Я вяло ковыряюсь в каше. Есть мне совсем не хочется. Я могу думать только о той бедной девчушке, о ее изжелта-бледном лице. И еще о Рене. Я бросила его одного. Хоть бы с ним все было хорошо.
Меня терзает одна мысль: если мой яд так сильно подействовал на последнюю девочку, он ведь мог навредить и Рену? Или другим девочкам?

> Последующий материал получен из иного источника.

lemma efficient_augmented_iff:
  assumes "\<forall>(\<alpha>, \<alpha>0)\<in>set cuts. valid_cut J c a bidder K S \<alpha> \<alpha>0"
  shows "efficient (augItems J cuts) (augA a cuts) (augC c cuts) bidder b K S \<longleftrightarrow>
           efficient {..<J} (origA a) (origC c) bidder b K S"
proof -
  have "feasible (augItems J cuts) (augA a cuts) (augC c cuts) bidder K T \<longleftrightarrow>
          feasible {..<J} (origA a) (origC c) bidder K T" for T
  proof -
    have "sum \<alpha> T \<le> \<alpha>0"
      if "(\<alpha>, \<alpha>0) \<in> set cuts" "feasible {..<J} (origA a) (origC c) bidder K T" for \<alpha> \<alpha>0
      using bspec[OF assms that(1)] that(2) unfolding valid_cut_def by simp
    then show ?thesis
      unfolding feasible_augmented_iff by auto
  qed
  then show ?thesis
    unfolding efficient_def by simp
qed

definition cut_price :: "nat \<Rightarrow> nat + nat \<Rightarrow> real"
  where "cut_price t it = (if it = Inr t then 1 else 0)"

lemma bundle_price_cut_price:
  assumes "cuts ! t = (\<alpha>, \<alpha>0)" "t < length cuts"
  shows "(\<Sum>j\<in>augItems J cuts. cut_price t j * augA a cuts j k) = \<alpha> k"
proof -
  have "(\<Sum>j\<in>augItems J cuts. cut_price t j * augA a cuts j k)
          = (\<Sum>j\<in>augItems J cuts. if j = Inr t then augA a cuts j k else 0)"
    by (rule sum.cong) (auto simp: cut_price_def)
  also have "\<dots> = \<alpha> k"
    using assms by (simp add: augItems_def augA_def)
  finally show ?thesis .
qed

lemma paid_cut_price:
  assumes "cuts ! t = (\<alpha>, \<alpha>0)" "t < length cuts"
  shows "paid (augItems J cuts) (augA a cuts) (cut_price t) bidder S i = bstar bidder \<alpha> S i"
  unfolding paid_eq_bstar bundle_price_cut_price[OF assms] ..

lemma walrasian_eq_cut_price:
  assumes valid: "\<forall>(\<alpha>, \<alpha>0)\<in>set cuts. valid_cut J c a bidder K S \<alpha> \<alpha>0"
    and cut: "cuts ! t = (\<alpha>, \<alpha>0)" "t < length cuts"
    and eff: "efficient {..<J} (origA a) (origC c) bidder b K S"
    and surplus: "\<forall>i<I. bstar bidder \<alpha> S i \<le> bstar bidder b S i"
    and envy_free: "\<forall>k<K. b k \<le> \<alpha> k + (bstar bidder b S (bidder k) - bstar bidder \<alpha> S (bidder k))"
  shows "walrasian_eq (augItems J cuts) (augA a cuts) (augC c cuts) I bidder b K S (cut_price t)"
proof -
  have "valid_cut J c a bidder K S \<alpha> \<alpha>0"
    using bspec[OF valid nth_mem[OF cut(2)]] cut(1) by simp
  then have demanded: "(\<Sum>k\<in>S. augA a cuts (Inr t) k) = augC c cuts (Inr t)"
    using cut by (simp add: augA_def augC_def valid_cut_def)
  show ?thesis
    unfolding walrasian_eq_def Let_def paid_cut_price[OF cut] bundle_price_cut_price[OF cut]
  proof (intro conjI allI impI ballI)
    show "efficient (augItems J cuts) (augA a cuts) (augC c cuts) bidder b K S"
      using efficient_augmented_iff[OF valid] eff by simp
    show "0 \<le> cut_price t j" for j
      by (simp add: cut_price_def)
    show "0 \<le> bstar bidder b S i - bstar bidder \<alpha> S i" if "i < I" for i
      using surplus that by simp
    show "b k \<le> \<alpha> k + (bstar bidder b S (bidder k) - bstar bidder \<alpha> S (bidder k))" if "k < K" for k
      using envy_free that by simp
    show "cut_price t j = 0" if "(\<Sum>k\<in>S. augA a cuts j k) < augC c cuts j" for j
      using that demanded by (auto simp: cut_price_def)
  qed
qed
(* Every voting rule in the EJR-Exact family satisfies EJR: for every ballot profile $\mathcal{A}$ over $C$, every $k\le|C|$, and every choice of the subprocedures Alg1, Alg2, Alg3 (and every resolution of their choices), the output committee $W$ provides EJR for $(\mathcal{A},k)$.
   Context: Setting: voters $N=\{1,\dots,n\}$, candidates $C=\{c_1,\dots,c_m\}$, approval ballots $A_i\subseteq C$, $\mathcal{A}=(A_1,\dots,A_n)$, $k$ a positive integer with $k\le|C|$, $q=n/k$, $N_c=\{i: c\in A_i\}$, $n_c=|N_c|$. Convention: $\max\emptyset=0$. EJR: for $\ell\in\{1,\dots,k\}$, $N^*\subseteq N$ is $\ell$-cohesive if $|N^*|\ge\ell n/k$ and $|\bigcap_{i\in N^*}A_i|\ge\ell$. A committee $W$, $|W|=k$, provides EJR if for every $\ell$ and every $\ell$-cohesive $N^*$ some $i\in N^*$ has $|A_i\cap W|\ge\ell$. Dissatisfaction level: for $W\subseteq C$ with $|W|\le k$ and $c\in C\setminus W$, $\ell(c,W)$ is the largest nonnegative integer $\ell$ with $\ell=\lfloor \frac{k}{n}|\{i\in N: c\in A_i,\ |A_i\cap W|<\ell\}|\rfloor$. Along a run with current sets $W_j$, write $\ell_j(c)=\ell(c,W_j)$, and for $c\in C\setminus W_j$, $i\in N_c$: $\ell_j(i,c)=\max_{c'\in A_i\setminus(W_j\cup\{c\})}\ell_j(c')$, and $g_i^j(c)=0$ if $\ell_j(i,c)\le|A_i\cap W_j|$, $g_i^j(c)=\frac{\ell_j(i,c)-|A_i\cap W_j|-1}{\ell_j(i,c)}$ otherwise. EJR-Exact family (parametrized by arbitrary subprocedures Alg1, Alg2, Alg3): set $W_0=\emptyset$, $f_i^0=1$ for all $i$. For $j=1,\dots,k$: for each $c\in C\setminus W_{j-1}$ compute $x_c=\sum_{i\in N_c}(f_i^{j-1}-g_i^{j-1}(c))$. If some $c$ has $x_c\ge q$ (Stage 1, "normal iteration"): Alg1 selects any such $w_j$; set $f_i^j=f_i^{j-1}$ for $i\notin N_{w_j}$; Alg2 chooses values $f_i^j$ for $i\in N_{w_j}$ with $0\le f_i^j\le f_i^{j-1}$, $\sum_{i\in N_{w_j}}(f_i^{j-1}-f_i^j)=q$, and $f_i^j\ge g_i^{j-1}(w_j)$ for every $i\in N_{w_j}$ with $\ell_{j-1}(i,w_j)>|A_i\cap W_{j-1}|$; set $W_j=W_{j-1}\cup\{w_j\}$. Otherwise stop the loop. Finally, if fewer than $k$ candidates have been selected (Stage 2), Alg3 adds arbitrary further candidates from $C$ not yet selected until $k$ are selected. The output $W$ is the set of all selected candidates. *)

theory Defs
  imports Main Complex_Main
begin
(* Let $A=(a_{ij})$ be a real $m\times n$ matrix and let $X=(X_{ij})_{i\le m,j\le n}$ be a random matrix with independent mean-zero entries satisfying $\mathbb{E}|X_{ij}|\ge c$ for all $i,j$, for some $c\in(0,\infty)$. Then for all $1\le p,q\le\infty$, $$\mathbb{E}\|X_A\colon\ell_p^n\to\ell_q^m\|\ge\frac{c}{2\sqrt2}\|A\circ A\colon\ell^n_{p/2}\to\ell^m_{q/2}\|^{1/2}.$$
   Context: $X_A=(a_{ij}X_{ij})$, $A\circ A=(a_{ij}^2)$. $\ell_s^n$ is $\mathbb{R}^n$ with $\|x\|_s=(\sum|x_j|^s)^{1/s}$ ($\max$ for $s=\infty$; quasi-norm for $s<1$), $\|B\colon\ell_s^n\to\ell_t^m\|=\sup_{\|x\|_s\le1}\|Bx\|_t$. *)

theory Defs
  imports "HOL-Probability.Probability"
begin

definition lnorm :: "ereal \<Rightarrow> nat \<Rightarrow> (nat \<Rightarrow> real) \<Rightarrow> real" where
  "lnorm s n x =
     (if s = \<infinity> then Max (insert 0 ((\<lambda>j. \<bar>x j\<bar>) ` {..<n}))
      else (\<Sum>j<n. \<bar>x j\<bar> powr real_of_ereal s) powr (1 / real_of_ereal s))"

definition opnorm :: "ereal \<Rightarrow> ereal \<Rightarrow> nat \<Rightarrow> nat \<Rightarrow> (nat \<Rightarrow> nat \<Rightarrow> real) \<Rightarrow> real" where
  "opnorm s t m n B =
     Sup {lnorm t m (\<lambda>i. \<Sum>j<n. B i j * x j) | x.
            lnorm s n x \<le> 1 \<and> (\<forall>j\<ge>n. x j = 0)}"

end

theory Submission
  imports Defs
begin

text \<open>
  Fix x in the unit ball of ell_p. Dualising the ell_q norm with nonnegative norming weights,
  E ||X_A x||_q dominates a nonnegative combination of the row expectations
  E |\<Sum>j. a_ij x_j X_ij|, and each of these is at least c / (2 sqrt 2) times the Euclidean
  norm of the row (a_ij x_j)_j. For this, symmetrisation (E|U| \<le> E|U + V| for independent
  mean-zero V) compares the row sum with all of its sign changes, Szarek's inequality bounds the
  average over signs from below by 1 / sqrt 2 times the square function, and Cauchy-Schwarz
  together with E |X_ij| \<ge> c bounds the expected square function by c times the row norm.
  Substituting x_j = sqrt |z_j| turns the supremum over x of the resulting lower bound into
  ||A o A : ell_(p/2) \<rightarrow> ell_(q/2)|| ^ (1/2).

  Szarek's inequality is proved by Fourier analysis on the cube: f = |\<Sum>j. \<plusminus>b_j| is
  invariant under flipping all signs, so it has no Walsh coefficients of odd level and its
  variance is at most half of its total influence, which is at most ||b||_2 ^ 2.
\<close>

section \<open>Walsh analysis on the discrete cube\<close>

text \<open>A point of the cube {-1, 1}^N is encoded by the set T \<subseteq> N of its coordinates equal to -1;
  the group operation is then sym_diff, and walsh S is the character indexed by S \<subseteq> N.\<close>
definition walsh :: "'a set \<Rightarrow> 'a set \<Rightarrow> real" where
  "walsh S T = (-1) ^ card (S \<inter> T)"

lemma card_sym_diff:
  assumes "finite A" "finite B"
  shows "card A + card B = card (sym_diff A B) + 2 * card (A \<inter> B)"
proof -
  have "card A = card (A - B) + card (A \<inter> B)" "card B = card (B - A) + card (A \<inter> B)"
    using assms card_Int_Diff[of A B] card_Int_Diff[of B A] by (simp_all add: Int_commute)
  moreover have "card (sym_diff A B) = card (A - B) + card (B - A)"
    using assms by (subst card_Un_disjoint) auto
  ultimately show ?thesis by simp
qed

lemma walsh_commute: "walsh S T = walsh T S"
  unfolding walsh_def by (simp add: Int_commute)

lemma walsh_singleton: "walsh {i} T = (if i \<in> T then -1 else 1)"
  unfolding walsh_def by auto

lemma walsh_mult:
  assumes "finite S" "finite R"
  shows "walsh S T * walsh R T = walsh (sym_diff S R) T"
proof -
  have "sym_diff S R \<inter> T = sym_diff (S \<inter> T) (R \<inter> T)" by auto
  then have "card (S \<inter> T) + card (R \<inter> T) = card (sym_diff S R \<inter> T) + 2 * card (S \<inter> R \<inter> T)"
    using card_sym_diff[of "S \<inter> T" "R \<inter> T"] assms by (simp add: Int_ac)
  then have "(-1::real) ^ (card (S \<inter> T) + card (R \<inter> T)) = (-1) ^ card (sym_diff S R \<inter> T)"
    by (simp add: power_add power_mult)
  then show ?thesis unfolding walsh_def by (simp add: power_add)
qed

lemma walsh_mult_right:
  assumes "finite T" "finite U"
  shows "walsh S T * walsh S U = walsh S (sym_diff T U)"
  using walsh_mult[OF assms, of S] by (simp add: walsh_commute)

text \<open>Pairing T with insert s T for some s \<in> S cancels the sum.\<close>
lemma sum_walsh_eq_0:
  assumes "finite N" "S \<subseteq> N" "S \<noteq> {}"
  shows "(\<Sum>T\<in>Pow N. walsh S T) = 0"
proof -
  obtain s where s: "s \<in> S" using assms by auto
  define N' where "N' = N - {s}"
  have fin: "finite N'" and sN': "s \<notin> N'" using assms unfolding N'_def by auto
  have Pow_N: "Pow N = Pow N' \<union> insert s ` Pow N'"
    using s assms by (simp add: N'_def Pow_insert[symmetric] insert_absorb subset_iff)
  have flip: "walsh S (insert s T) = - walsh S T" if "T \<in> Pow N'" for T
  proof -
    have "S \<inter> insert s T = insert s (S \<inter> T)" "s \<notin> S \<inter> T" "finite (S \<inter> T)"
      using s that sN' fin finite_subset by auto
    then show ?thesis unfolding walsh_def by simp
  qed
  have "(\<Sum>T\<in>Pow N. walsh S T) = (\<Sum>T\<in>Pow N'. walsh S T) + (\<Sum>T\<in>insert s ` Pow N'. walsh S T)"
    unfolding Pow_N using fin sN' by (intro sum.union_disjoint) auto
  also have "(\<Sum>T\<in>insert s ` Pow N'. walsh S T) = (\<Sum>T\<in>Pow N'. walsh S (insert s T))"
    using sN' by (subst sum.reindex) (auto simp: inj_on_def)
  also have "\<dots> = - (\<Sum>T\<in>Pow N'. walsh S T)" using flip by (simp add: sum_negf)
  finally show ?thesis by simp
qed

lemma walsh_orthogonal:
  assumes "finite N" "S \<subseteq> N" "R \<subseteq> N"
  shows "(\<Sum>T\<in>Pow N. walsh S T * walsh R T) = (if S = R then 2 ^ card N else 0)"
proof -
  have "finite S" "finite R" using assms finite_subset by auto
  then have "(\<Sum>T\<in>Pow N. walsh S T * walsh R T) = (\<Sum>T\<in>Pow N. walsh (sym_diff S R) T)"
    by (simp add: walsh_mult)
  also have "\<dots> = (if S = R then 2 ^ card N else 0)"
    using assms sum_walsh_eq_0[of N "sym_diff S R"] by (auto simp: walsh_def card_Pow)
  finally show ?thesis .
qed

lemma sum_Pow_reindex_sym_diff:
  assumes "U \<subseteq> N"
  shows "(\<Sum>T\<in>Pow N. g (sym_diff T U)) = (\<Sum>T\<in>Pow N. g T)"
  by (rule sum.reindex_bij_witness[where i="\<lambda>T. sym_diff T U" and j="\<lambda>T. sym_diff T U"])
     (use assms in auto)

definition walsh_coeff :: "'a set \<Rightarrow> ('a set \<Rightarrow> real) \<Rightarrow> 'a set \<Rightarrow> real" where
  "walsh_coeff N f S = (\<Sum>T\<in>Pow N. f T * walsh S T) / 2 ^ card N"
(* Let $M \ge 2$ be an integer and let $\alpha \in (0,1]$ satisfy $2\lceil 1/\alpha\rceil \le M$ (equivalently, the feasible set below is nonempty). Consider the optimization problem $$\text{maximize } \Bigl(-\sum_{i=1}^M s_i\log s_i + \sum_{i=1}^M t_i \log t_i\Bigr)$$ over $(s_1,t_1,\ldots,s_M,t_M)\in\mathbb{R}^{2M}$ subject to $s_i,t_i\ge 0$, $s_i+t_i\le\alpha$, $s_i t_i = 0$ for all $i\in\{1,\ldots,M\}$, and $\sum_{i=1}^M s_i = \sum_{i=1}^M t_i = 1$. Then the maximum is attained and equals $$g(\alpha) = \log\Bigl(M - \Bigl\lceil \frac1\alpha\Bigr\rceil\Bigr) + \alpha\Bigl\lfloor\frac1\alpha\Bigr\rfloor\log\alpha + \Bigl(1-\alpha\Bigl\lfloor\frac1\alpha\Bigr\rfloor\Bigr)\log\Bigl(1-\alpha\Bigl\lfloor\frac1\alpha\Bigr\rfloor\Bigr).$$
   Context: Logarithms are natural, with the convention $0\log 0 = 0$. *)

theory Defs
  imports "HOL-Analysis.Analysis"
begin

definition xlogx :: "real \<Rightarrow> real" where
  "xlogx x = (if x = 0 then 0 else x * ln x)"

definition feasible :: "nat \<Rightarrow> real \<Rightarrow> (nat \<Rightarrow> real) \<Rightarrow> (nat \<Rightarrow> real) \<Rightarrow> bool" where
  "feasible M \<alpha> s t \<longleftrightarrow>
     (\<forall>i\<in>{1..M}. s i \<ge> 0 \<and> t i \<ge> 0 \<and> s i + t i \<le> \<alpha> \<and> s i * t i = 0) \<and>
     (\<Sum>i=1..M. s i) = 1 \<and> (\<Sum>i=1..M. t i) = 1"

definition objective :: "nat \<Rightarrow> (nat \<Rightarrow> real) \<Rightarrow> (nat \<Rightarrow> real) \<Rightarrow> real" where
  "objective M s t = - (\<Sum>i=1..M. xlogx (s i)) + (\<Sum>i=1..M. xlogx (t i))"

definition gval :: "nat \<Rightarrow> real \<Rightarrow> real" where
  "gval M \<alpha> = ln (real M - of_int \<lceil>1/\<alpha>\<rceil>)
     + \<alpha> * of_int \<lfloor>1/\<alpha>\<rfloor> * ln \<alpha>
     + xlogx (1 - \<alpha> * of_int \<lfloor>1/\<alpha>\<rfloor>)"

end

theory Submission
  imports Defs
begin
text \<open>Expanding w on the basis, the matrix of w factors as P T: P is the signed permutation
  matrix of \<xi> with the signs \<sigma>, and T = P^T [w] collects the lower-order coefficients. A
  linearisation lists every strictly lower basis vector earlier, so T is upper triangular with unit
  diagonal, and P T is a QR decomposition. It is the only one: if Q R = P T, then V = P^T Q is
  orthogonal and V R = T. Column by column, V is then the identity: above the diagonal by
  orthogonality to the earlier columns, below it because V R is upper triangular, and on it
  because of unit length and the positive diagonals.\<close>

lemma index_mult_mat_sum:
  assumes "i < dim_row A" "j < dim_col B" "dim_col A = dim_row B"
  shows "(A * B) $$ (i, j) = (\<Sum>k<dim_row B. A $$ (i, k) * B $$ (k, j))"
  using assms by (simp add: scalar_prod_def atLeast0LessThan)

lemma index_mult_upper_triangular:
  fixes A R :: "'a::semiring_0 mat"
  assumes R: "R \<in> carrier_mat n n" "upper_triangular R"
    and "i < dim_row A" "dim_col A = n" "j < n"
  shows "(A * R) $$ (i, j) = (\<Sum>k\<le>j. A $$ (i, k) * R $$ (k, j))"
proof -
  have "(A * R) $$ (i, j) = (\<Sum>k<n. A $$ (i, k) * R $$ (k, j))"
    using assms by (subst index_mult_mat_sum) auto
  also have "\<dots> = (\<Sum>k\<le>j. A $$ (i, k) * R $$ (k, j))"
    using assms by (intro sum.mono_neutral_right) (auto simp: upper_triangularD)
  finally show ?thesis .
qed

lemma orthonormal_columns:
  fixes V :: "'a::comm_ring_1 mat"
  assumes "V \<in> carrier_mat n n" "transpose_mat V * V = 1\<^sub>m n" "i < n" "j < n"
  shows "(\<Sum>k<n. V $$ (k, i) * V $$ (k, j)) = (if i = j then 1 else 0)"
proof -
  have "(\<Sum>k<n. V $$ (k, i) * V $$ (k, j)) = (transpose_mat V * V) $$ (i, j)"
    using assms by (subst index_mult_mat_sum) auto
  also have "\<dots> = 1\<^sub>m n $$ (i, j)"
    using assms(2) by simp
  finally show ?thesis
    using assms by simp
qed

lemma orthogonal_eq_one_if_upper_triangular_factors:
  fixes V R :: "'a::linordered_idom mat"
  assumes V: "V \<in> carrier_mat n n" "transpose_mat V * V = 1\<^sub>m n"
    and R: "R \<in> carrier_mat n n" "upper_triangular R" "\<forall>i<n. R $$ (i, i) > 0"
    and VR: "upper_triangular (V * R)" "\<forall>i<n. (V * R) $$ (i, i) > 0"
  shows "V = 1\<^sub>m n"
proof -
  have "\<forall>i<n. V $$ (i, j) = (if i = j then 1 else 0)" if "j < n" for j
    using that
  proof (induction j rule: less_induct)
    case (less j)
    have earlier: "V $$ (i, k) = (if i = k then 1 else 0)" if "k < j" "i < n" for i k
      using less that by auto
    have on_and_below: "(V * R) $$ (i, j) = V $$ (i, j) * R $$ (j, j)" if "j \<le> i" "i < n" for i
    proof -
      have "(V * R) $$ (i, j) = (\<Sum>k\<le>j. V $$ (i, k) * R $$ (k, j))"
        using V R that less.prems by (intro index_mult_upper_triangular) auto
      also have "\<dots> = (\<Sum>k\<le>j. if k = j then V $$ (i, j) * R $$ (j, j) else 0)"
        using that earlier by (intro sum.cong) auto
      finally show ?thesis
        by simp
    qed
    have above: "V $$ (i, j) = 0" if "i < j" for i
    proof -
      have "(\<Sum>k<n. V $$ (k, i) * V $$ (k, j)) = (\<Sum>k<n. if k = i then V $$ (i, j) else 0)"
        using that less.prems earlier by (intro sum.cong) auto
      then show ?thesis
        using orthonormal_columns[OF V, of i j] that less.prems by simp
    qed
    have below: "V $$ (i, j) = 0" if "j < i" "i < n" for i
    proof -
      have "V $$ (i, j) * R $$ (j, j) = 0"
        using on_and_below[of i] VR(1) that V R(1) by (auto simp: upper_triangularD)
      then show ?thesis
        using R(3)[rule_format, OF less.prems] by simp
    qed
    have "V $$ (j, j) * V $$ (j, j) = 1"
    proof -
      have "(\<Sum>k<n. V $$ (k, j) * V $$ (k, j)) = (\<Sum>k<n. if k = j then V $$ (j, j) * V $$ (j, j) else 0)"
        using above below by (intro sum.cong) (auto simp: linorder_neq_iff)
      then show ?thesis
        using orthonormal_columns[OF V less.prems less.prems] less.prems by simp
    qed
    moreover have "V $$ (j, j) > 0"
    proof -
      have "V $$ (j, j) * R $$ (j, j) > 0"
        using VR(2)[rule_format, OF less.prems] unfolding on_and_below[OF order.refl less.prems] .
      then show ?thesis
        using R(3)[rule_format, OF less.prems] by (simp add: zero_less_mult_iff)
    qed
    ultimately have "V $$ (j, j) = 1"
      by (auto simp: square_eq_1_iff)
    then show ?case
      using above below by (auto simp: linorder_neq_iff)
  qed
  then show ?thesis
    using V by (intro eq_matI) auto
qed

lemma QR_factorisation_unique:
  fixes Q R P T :: "'a::linordered_field mat"
  assumes carrier: "Q \<in> carrier_mat n n" "R \<in> carrier_mat n n" "P \<in> carrier_mat n n" "T \<in> carrier_mat n n"
    and orth: "transpose_mat Q * Q = 1\<^sub>m n" "transpose_mat P * P = 1\<^sub>m n"
    and R: "upper_triangular R" "\<forall>i<n. R $$ (i, i) > 0"
    and T: "upper_triangular T" "\<forall>i<n. T $$ (i, i) > 0"
    and eq: "Q * R = P * T"
  shows "Q = P \<and> R = T"
proof -
  have Pt: "transpose_mat P \<in> carrier_mat n n"
    using carrier by simp
  have P_Pt: "P * transpose_mat P = 1\<^sub>m n"
    using mat_mult_left_right_inverse[OF Pt carrier(3) orth(2)] .
  define V where "V = transpose_mat P * Q"
  have V: "V \<in> carrier_mat n n"
    using carrier by (simp add: V_def)
  have "transpose_mat V * V = transpose_mat Q * (P * transpose_mat P) * Q"
    using carrier by (simp add: V_def transpose_mult assoc_mult_mat[of _ n n _ n _ n])
  then have V_orth: "transpose_mat V * V = 1\<^sub>m n"
    using carrier orth(1) by (simp add: P_Pt)
  have "V * R = transpose_mat P * P * T"
    using carrier eq by (simp add: V_def assoc_mult_mat[of _ n n _ n _ n])
  then have VR: "V * R = T"
    using carrier orth(2) by simp
  have "V = 1\<^sub>m n"
    using orthogonal_eq_one_if_upper_triangular_factors[OF V V_orth carrier(2) R] VR T by simp
  have "Q = P * transpose_mat P * Q"
    using carrier by (simp add: P_Pt)
  also have "\<dots> = P * V"
    using carrier by (simp add: V_def assoc_mult_mat[of _ n n _ n _ n])
  also have "\<dots> = P"
    using carrier \<open>V = 1\<^sub>m n\<close> by simp
  finally have "Q = P" .
  have "R = transpose_mat Q * (Q * R)"
    using carrier orth(1) by (simp flip: assoc_mult_mat[of _ n n _ n _ n])
  also have "\<dots> = transpose_mat Q * (Q * T)"
    using eq \<open>Q = P\<close> by simp
  also have "\<dots> = T"
    using carrier orth(1) by (simp flip: assoc_mult_mat[of _ n n _ n _ n])
  finally show ?thesis
    using \<open>Q = P\<close> by simp
qed

lemma is_QR_iff_eq_factors:
  assumes M: "M = map_mat complex_of_real (P * T)"
    and carrier: "P \<in> carrier_mat n n" "T \<in> carrier_mat n n"
    and P: "transpose_mat P * P = 1\<^sub>m n"
    and T: "upper_triangular T" "\<forall>i<n. T $$ (i, i) > 0"
  shows "is_QR M Q R \<longleftrightarrow> Q = P \<and> R = T"
proof
  assume QR: "is_QR M Q R"
  have "dim_row M = n"
    using M carrier by simp
  then have Q: "Q \<in> carrier_mat n n" "transpose_mat Q * Q = 1\<^sub>m n"
    and R: "R \<in> carrier_mat n n" "upper_triangular R" "\<forall>i<n. R $$ (i, i) > 0"
    and M_QR: "M = map_mat complex_of_real (Q * R)"
    using QR unfolding is_QR_def Let_def \<open>dim_row M = n\<close> by blast+
  have "Q * R = P * T"
    using M M_QR by (intro of_real_hom.mat_hom_inj) simp
  then show "Q = P \<and> R = T"
    using QR_factorisation_unique[OF Q(1) R(1) carrier Q(2) P R(2,3) T] by blast
next
  assume "Q = P \<and> R = T"
  then show "is_QR M Q R"
    using carrier P T unfolding is_QR_def Let_def M by simp
qed

definition signed_perm_mat :: "nat \<Rightarrow> (nat \<Rightarrow> nat) \<Rightarrow> (nat \<Rightarrow> 'a::zero) \<Rightarrow> 'a mat" where
  "signed_perm_mat n \<pi> s = mat n n (\<lambda>(i, k). if i = \<pi> k then s k else 0)"

lemma signed_perm_mat_carrier [simp]: "signed_perm_mat n \<pi> s \<in> carrier_mat n n"
  by (simp add: signed_perm_mat_def)

lemma index_signed_perm_mat_mult:
  fixes s :: "nat \<Rightarrow> 'a::semiring_0"
  assumes \<pi>: "bij_betw \<pi> {..<n} {..<n}" and T: "T \<in> carrier_mat n m" and "k < n" "j < m"
  shows "(signed_perm_mat n \<pi> s * T) $$ (\<pi> k, j) = s k * T $$ (k, j)"
proof -
  have "\<pi> k < n"
    using bij_betw_apply[OF \<pi>] \<open>k < n\<close> by simp
  then have "(signed_perm_mat n \<pi> s * T) $$ (\<pi> k, j) = (\<Sum>l<n. (if \<pi> k = \<pi> l then s l else 0) * T $$ (l, j))"
    using T \<open>j < m\<close> by (subst index_mult_mat_sum) (auto simp: signed_perm_mat_def intro!: sum.cong)
  also have "\<dots> = (\<Sum>l<n. if l = k then s k * T $$ (k, j) else 0)"
    using bij_betw_imp_inj_on[OF \<pi>] \<open>k < n\<close> by (intro sum.cong) (auto dest: inj_onD)
  finally show ?thesis
    using \<open>k < n\<close> by simp
qed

Я не хотела причинять им страдания, не хотела! И отец не хотел тоже. Я смотрю, как он возится у очага, а потом садится в кресло с книгой. Отец наверняка все предусмотрел. Мой яд — не отрава, он лишь погружает в сон. Несчастной девочке просто не повезло.
Но тревожные мысли о Рене по-прежнему не дают мне покоя.
К тому времени, как мне все-таки удается домучить кашу, я принимаю решение. Я должна убедиться, что с Реном все в порядке. Я найду его сегодня ночью. Поговорю с ним. Познакомлюсь с ним по-настоящему, так, как не познакомилась с умершей девочкой.
После обеда отец оставляет меня у очага с книжкой, а сам отправляется на рынок в деревню, что за лесом и рекой. Это довольно далеко, и к тому времени, как он вернется, я уже буду лететь в Брайр за новой девочкой.
А значит, вся вторая половина дня принадлежит мне.
Я подрезаю розы и стараюсь думать только о них. Но вопреки обыкновению нежные цвета и ароматы не приносят мне покоя. Мысли мечутся, не в силах ни на чем задержаться. Шею сзади покалывает, и картина перед моими глазами сменяется другой, которую я вижу чужими глазами.
Лепестки моих любимых алых роз падают на белый мраморный пол. Пронзительный крик прорезает воздух, тает постепенно, словно дым. На полу среди лепестков лежит женщина, но лица ее я не вижу. Вижу только золотые волосы и прекрасное шелковое платье голубого цвета.
Это та самая женщина, которую в самом первом своем воспоминании я назвала мамой.